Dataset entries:
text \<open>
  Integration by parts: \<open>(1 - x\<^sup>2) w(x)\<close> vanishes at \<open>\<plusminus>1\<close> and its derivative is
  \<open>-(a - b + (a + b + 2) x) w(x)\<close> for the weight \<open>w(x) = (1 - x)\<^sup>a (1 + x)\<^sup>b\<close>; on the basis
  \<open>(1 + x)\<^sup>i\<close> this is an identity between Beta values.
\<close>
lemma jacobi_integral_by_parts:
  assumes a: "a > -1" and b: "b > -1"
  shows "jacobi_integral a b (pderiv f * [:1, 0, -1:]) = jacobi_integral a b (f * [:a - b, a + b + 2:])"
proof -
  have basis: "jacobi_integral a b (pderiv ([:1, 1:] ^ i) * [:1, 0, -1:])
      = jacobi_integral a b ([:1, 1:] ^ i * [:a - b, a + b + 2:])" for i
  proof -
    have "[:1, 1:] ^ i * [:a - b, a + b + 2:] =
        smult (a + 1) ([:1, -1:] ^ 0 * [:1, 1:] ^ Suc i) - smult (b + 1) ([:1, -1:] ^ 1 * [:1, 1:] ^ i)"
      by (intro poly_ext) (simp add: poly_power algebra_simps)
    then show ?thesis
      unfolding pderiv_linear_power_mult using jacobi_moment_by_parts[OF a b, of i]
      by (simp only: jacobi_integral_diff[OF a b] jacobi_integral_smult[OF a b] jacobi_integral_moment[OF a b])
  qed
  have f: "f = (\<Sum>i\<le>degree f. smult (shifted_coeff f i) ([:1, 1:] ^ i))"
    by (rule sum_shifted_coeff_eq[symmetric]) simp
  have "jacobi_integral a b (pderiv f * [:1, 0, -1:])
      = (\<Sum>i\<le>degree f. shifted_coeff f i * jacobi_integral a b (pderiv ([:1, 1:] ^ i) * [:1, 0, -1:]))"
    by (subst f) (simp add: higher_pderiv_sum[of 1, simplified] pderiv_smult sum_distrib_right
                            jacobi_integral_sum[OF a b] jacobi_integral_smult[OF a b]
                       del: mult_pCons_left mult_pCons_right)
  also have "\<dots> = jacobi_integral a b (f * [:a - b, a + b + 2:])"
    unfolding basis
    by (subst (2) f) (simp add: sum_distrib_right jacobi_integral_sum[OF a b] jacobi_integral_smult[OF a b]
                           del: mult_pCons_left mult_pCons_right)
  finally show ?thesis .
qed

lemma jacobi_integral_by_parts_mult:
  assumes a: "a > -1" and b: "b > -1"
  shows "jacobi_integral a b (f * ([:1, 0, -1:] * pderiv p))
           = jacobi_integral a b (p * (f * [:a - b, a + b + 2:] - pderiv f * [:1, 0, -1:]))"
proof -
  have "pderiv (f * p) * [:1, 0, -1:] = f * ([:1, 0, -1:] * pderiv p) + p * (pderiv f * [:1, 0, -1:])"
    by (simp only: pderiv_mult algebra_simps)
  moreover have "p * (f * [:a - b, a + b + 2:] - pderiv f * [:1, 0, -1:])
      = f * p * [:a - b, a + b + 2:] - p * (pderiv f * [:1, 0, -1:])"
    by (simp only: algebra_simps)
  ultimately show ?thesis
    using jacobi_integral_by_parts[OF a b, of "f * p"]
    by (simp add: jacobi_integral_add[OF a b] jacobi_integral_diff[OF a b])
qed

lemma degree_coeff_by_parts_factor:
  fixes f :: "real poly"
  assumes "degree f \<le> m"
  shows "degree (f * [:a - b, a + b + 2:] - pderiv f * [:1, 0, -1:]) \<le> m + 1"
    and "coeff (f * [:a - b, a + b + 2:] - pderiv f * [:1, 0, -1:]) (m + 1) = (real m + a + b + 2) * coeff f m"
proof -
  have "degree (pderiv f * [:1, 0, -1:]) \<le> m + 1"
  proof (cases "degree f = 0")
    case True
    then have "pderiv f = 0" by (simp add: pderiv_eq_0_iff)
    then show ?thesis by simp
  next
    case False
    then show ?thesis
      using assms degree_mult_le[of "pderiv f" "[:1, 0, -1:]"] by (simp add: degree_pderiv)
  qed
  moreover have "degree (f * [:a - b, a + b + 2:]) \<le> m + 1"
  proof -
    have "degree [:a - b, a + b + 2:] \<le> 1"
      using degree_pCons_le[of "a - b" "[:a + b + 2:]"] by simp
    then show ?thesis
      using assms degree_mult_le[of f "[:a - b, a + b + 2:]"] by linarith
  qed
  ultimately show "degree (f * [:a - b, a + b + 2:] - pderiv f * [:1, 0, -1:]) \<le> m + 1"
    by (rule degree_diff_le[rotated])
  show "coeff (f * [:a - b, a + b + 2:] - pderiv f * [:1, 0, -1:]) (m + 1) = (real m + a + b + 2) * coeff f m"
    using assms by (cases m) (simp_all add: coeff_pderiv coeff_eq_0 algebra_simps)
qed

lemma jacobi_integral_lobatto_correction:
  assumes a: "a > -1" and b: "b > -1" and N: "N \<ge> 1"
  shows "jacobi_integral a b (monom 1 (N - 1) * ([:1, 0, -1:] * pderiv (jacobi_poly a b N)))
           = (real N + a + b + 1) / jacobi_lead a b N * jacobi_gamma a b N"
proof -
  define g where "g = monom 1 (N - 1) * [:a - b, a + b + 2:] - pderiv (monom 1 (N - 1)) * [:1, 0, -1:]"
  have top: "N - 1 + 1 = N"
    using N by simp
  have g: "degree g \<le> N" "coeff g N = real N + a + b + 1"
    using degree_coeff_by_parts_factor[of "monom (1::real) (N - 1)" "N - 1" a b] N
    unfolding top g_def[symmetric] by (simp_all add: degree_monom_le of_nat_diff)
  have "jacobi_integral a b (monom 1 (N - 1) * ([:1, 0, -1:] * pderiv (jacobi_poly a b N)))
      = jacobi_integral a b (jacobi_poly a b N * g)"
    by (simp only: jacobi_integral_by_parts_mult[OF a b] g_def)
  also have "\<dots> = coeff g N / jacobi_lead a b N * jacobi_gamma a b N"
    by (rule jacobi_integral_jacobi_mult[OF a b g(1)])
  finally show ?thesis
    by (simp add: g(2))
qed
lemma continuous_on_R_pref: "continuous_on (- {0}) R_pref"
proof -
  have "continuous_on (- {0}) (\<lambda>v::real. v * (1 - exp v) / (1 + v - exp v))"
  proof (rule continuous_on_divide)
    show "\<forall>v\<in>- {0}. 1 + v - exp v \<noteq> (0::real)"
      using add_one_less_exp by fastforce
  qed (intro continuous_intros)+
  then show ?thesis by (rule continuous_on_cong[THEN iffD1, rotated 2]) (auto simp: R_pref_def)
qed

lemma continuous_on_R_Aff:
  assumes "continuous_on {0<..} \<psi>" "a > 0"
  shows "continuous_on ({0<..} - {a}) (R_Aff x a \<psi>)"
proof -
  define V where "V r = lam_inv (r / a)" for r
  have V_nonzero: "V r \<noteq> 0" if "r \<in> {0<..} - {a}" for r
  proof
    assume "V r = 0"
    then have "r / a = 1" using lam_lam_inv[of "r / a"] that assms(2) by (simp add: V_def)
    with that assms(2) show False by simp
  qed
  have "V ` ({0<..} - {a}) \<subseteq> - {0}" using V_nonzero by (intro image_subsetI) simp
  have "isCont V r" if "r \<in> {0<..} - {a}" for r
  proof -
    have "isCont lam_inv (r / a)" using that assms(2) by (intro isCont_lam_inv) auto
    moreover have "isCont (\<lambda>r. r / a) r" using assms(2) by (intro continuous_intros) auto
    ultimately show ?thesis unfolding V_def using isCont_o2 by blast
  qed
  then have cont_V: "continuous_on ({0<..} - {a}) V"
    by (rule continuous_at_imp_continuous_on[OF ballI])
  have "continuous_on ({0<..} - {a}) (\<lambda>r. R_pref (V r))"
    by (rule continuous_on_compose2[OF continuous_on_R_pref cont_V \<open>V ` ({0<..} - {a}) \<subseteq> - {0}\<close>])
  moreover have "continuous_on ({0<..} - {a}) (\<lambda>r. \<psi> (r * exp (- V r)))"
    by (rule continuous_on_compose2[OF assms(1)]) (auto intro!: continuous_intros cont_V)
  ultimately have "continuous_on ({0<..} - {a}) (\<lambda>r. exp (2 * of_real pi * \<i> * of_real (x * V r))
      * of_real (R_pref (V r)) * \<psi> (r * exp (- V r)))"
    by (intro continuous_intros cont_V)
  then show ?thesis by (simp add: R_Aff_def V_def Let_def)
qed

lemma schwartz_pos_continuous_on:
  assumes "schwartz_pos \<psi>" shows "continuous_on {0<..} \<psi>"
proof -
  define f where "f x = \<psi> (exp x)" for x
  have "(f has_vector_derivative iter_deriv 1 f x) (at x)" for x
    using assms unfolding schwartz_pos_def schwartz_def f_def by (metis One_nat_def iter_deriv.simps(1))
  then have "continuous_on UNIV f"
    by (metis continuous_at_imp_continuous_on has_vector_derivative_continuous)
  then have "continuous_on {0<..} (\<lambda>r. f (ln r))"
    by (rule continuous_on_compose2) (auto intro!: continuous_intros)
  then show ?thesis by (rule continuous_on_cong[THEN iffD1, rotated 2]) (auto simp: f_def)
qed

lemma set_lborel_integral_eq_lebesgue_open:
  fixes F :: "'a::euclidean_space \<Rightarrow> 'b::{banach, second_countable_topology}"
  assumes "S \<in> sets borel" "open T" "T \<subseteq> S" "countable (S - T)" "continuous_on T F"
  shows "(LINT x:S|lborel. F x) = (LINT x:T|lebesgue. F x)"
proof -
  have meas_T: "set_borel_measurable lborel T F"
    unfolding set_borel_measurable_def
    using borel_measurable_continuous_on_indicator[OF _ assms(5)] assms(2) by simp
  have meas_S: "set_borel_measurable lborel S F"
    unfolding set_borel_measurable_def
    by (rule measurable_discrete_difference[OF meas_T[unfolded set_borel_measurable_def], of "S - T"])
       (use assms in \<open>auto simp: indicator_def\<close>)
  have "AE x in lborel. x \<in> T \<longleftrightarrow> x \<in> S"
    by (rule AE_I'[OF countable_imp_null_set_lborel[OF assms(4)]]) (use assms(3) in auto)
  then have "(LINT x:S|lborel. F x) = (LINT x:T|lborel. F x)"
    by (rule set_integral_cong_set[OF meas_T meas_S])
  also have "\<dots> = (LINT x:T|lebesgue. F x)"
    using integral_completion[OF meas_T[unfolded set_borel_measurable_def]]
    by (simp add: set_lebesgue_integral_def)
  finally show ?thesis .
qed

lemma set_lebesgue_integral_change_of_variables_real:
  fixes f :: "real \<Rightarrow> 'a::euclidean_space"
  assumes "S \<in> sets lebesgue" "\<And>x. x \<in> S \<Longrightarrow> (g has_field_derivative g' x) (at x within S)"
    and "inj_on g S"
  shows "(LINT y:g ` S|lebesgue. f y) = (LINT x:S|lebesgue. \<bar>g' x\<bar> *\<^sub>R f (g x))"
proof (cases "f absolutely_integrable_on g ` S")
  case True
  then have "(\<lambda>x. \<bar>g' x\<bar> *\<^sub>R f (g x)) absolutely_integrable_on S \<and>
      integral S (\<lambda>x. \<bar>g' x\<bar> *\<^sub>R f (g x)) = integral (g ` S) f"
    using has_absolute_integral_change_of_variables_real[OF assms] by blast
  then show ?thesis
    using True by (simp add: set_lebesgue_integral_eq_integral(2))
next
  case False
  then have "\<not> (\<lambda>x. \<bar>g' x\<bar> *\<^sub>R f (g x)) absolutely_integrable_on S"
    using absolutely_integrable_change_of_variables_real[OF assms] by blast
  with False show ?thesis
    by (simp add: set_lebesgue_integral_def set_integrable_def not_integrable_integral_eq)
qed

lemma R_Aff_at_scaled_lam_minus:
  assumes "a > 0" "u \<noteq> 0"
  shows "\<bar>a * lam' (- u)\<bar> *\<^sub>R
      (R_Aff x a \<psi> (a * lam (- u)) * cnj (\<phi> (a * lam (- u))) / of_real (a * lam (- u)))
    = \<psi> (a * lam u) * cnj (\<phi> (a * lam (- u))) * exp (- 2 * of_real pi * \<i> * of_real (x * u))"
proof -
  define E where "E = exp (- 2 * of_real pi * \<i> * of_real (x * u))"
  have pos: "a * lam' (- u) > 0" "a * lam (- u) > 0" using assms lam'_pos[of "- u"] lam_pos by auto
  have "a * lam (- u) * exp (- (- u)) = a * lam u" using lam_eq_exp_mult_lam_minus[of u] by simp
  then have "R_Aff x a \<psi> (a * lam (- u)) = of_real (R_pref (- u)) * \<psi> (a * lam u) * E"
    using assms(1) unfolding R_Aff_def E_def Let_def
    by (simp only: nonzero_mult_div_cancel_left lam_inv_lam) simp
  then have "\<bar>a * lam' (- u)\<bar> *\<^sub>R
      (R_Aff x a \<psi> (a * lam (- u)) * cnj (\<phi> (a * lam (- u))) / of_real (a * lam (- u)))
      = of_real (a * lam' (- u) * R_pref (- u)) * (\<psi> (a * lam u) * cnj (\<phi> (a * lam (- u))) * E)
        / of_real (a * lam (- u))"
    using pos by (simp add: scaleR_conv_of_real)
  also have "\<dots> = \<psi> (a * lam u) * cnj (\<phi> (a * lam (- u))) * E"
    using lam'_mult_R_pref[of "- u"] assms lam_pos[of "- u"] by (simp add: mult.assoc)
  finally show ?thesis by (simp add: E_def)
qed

--

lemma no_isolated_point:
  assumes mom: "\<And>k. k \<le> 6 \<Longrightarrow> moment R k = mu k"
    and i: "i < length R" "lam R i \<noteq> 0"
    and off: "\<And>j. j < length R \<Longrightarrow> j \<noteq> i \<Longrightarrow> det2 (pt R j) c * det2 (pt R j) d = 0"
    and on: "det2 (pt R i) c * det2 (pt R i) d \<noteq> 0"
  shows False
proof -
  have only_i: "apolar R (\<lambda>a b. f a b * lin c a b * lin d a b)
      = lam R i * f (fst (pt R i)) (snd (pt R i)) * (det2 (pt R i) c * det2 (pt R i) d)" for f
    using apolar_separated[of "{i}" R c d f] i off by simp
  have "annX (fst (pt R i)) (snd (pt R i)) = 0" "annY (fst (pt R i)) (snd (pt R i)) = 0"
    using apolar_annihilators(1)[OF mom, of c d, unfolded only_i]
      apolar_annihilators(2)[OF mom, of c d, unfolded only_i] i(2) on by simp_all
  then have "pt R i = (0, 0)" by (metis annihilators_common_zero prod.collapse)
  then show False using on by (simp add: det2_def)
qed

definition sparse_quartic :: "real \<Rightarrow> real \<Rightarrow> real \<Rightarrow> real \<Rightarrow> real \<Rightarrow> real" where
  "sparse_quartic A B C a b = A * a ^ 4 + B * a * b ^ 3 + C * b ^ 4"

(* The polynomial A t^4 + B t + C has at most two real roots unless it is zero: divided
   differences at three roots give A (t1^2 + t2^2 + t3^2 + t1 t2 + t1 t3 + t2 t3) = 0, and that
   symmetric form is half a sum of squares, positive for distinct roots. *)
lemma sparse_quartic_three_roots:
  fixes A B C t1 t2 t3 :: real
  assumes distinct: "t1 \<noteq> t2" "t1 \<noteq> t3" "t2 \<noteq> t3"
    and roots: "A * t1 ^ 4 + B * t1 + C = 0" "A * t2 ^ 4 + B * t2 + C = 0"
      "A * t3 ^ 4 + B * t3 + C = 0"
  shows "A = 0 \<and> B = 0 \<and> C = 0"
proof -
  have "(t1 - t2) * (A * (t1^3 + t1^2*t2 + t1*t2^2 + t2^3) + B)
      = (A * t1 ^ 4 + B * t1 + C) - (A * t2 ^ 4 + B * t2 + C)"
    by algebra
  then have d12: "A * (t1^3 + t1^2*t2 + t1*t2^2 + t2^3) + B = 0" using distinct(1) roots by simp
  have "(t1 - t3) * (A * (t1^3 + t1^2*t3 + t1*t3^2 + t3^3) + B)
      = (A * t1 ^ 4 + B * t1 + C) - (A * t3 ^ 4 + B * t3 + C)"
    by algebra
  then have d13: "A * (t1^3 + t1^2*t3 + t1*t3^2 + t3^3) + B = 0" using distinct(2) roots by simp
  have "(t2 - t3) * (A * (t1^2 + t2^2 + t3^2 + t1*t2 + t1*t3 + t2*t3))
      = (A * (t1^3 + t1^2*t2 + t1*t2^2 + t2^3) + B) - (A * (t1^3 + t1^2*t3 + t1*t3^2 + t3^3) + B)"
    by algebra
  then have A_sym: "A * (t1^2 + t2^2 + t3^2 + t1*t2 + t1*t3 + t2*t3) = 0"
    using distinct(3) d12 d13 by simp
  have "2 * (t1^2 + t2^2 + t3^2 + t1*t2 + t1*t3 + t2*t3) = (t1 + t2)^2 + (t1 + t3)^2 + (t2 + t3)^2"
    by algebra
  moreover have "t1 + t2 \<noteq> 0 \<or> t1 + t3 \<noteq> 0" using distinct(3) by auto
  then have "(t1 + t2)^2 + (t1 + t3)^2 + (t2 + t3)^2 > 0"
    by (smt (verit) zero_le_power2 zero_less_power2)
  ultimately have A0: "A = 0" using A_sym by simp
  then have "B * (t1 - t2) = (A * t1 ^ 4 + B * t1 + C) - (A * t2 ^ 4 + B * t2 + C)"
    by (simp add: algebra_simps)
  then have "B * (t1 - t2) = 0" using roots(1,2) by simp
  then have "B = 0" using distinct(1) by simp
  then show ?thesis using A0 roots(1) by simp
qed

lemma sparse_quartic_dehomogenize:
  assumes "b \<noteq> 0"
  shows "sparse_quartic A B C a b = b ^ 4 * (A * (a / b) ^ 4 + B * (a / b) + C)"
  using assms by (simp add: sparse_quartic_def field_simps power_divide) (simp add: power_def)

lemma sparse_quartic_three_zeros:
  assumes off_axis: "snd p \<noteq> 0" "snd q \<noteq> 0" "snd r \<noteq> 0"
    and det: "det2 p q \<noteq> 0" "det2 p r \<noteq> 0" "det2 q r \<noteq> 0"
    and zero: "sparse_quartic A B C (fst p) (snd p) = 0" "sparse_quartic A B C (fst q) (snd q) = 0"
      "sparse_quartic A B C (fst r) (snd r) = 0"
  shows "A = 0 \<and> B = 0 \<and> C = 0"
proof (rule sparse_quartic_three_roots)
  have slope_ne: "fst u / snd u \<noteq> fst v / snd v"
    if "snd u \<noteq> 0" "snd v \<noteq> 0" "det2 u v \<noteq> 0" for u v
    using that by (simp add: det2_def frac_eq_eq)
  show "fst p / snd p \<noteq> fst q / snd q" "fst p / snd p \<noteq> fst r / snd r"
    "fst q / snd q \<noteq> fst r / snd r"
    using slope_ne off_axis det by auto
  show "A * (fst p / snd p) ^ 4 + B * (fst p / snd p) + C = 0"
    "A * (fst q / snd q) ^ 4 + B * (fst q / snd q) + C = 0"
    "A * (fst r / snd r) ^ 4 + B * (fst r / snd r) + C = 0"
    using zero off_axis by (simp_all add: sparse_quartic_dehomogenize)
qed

# YOUR INSTRUCTIONS:
Check each line above for the word "cases" and give the number of lines that have it, nothing else.

# PROBLEM SOLUTION:
3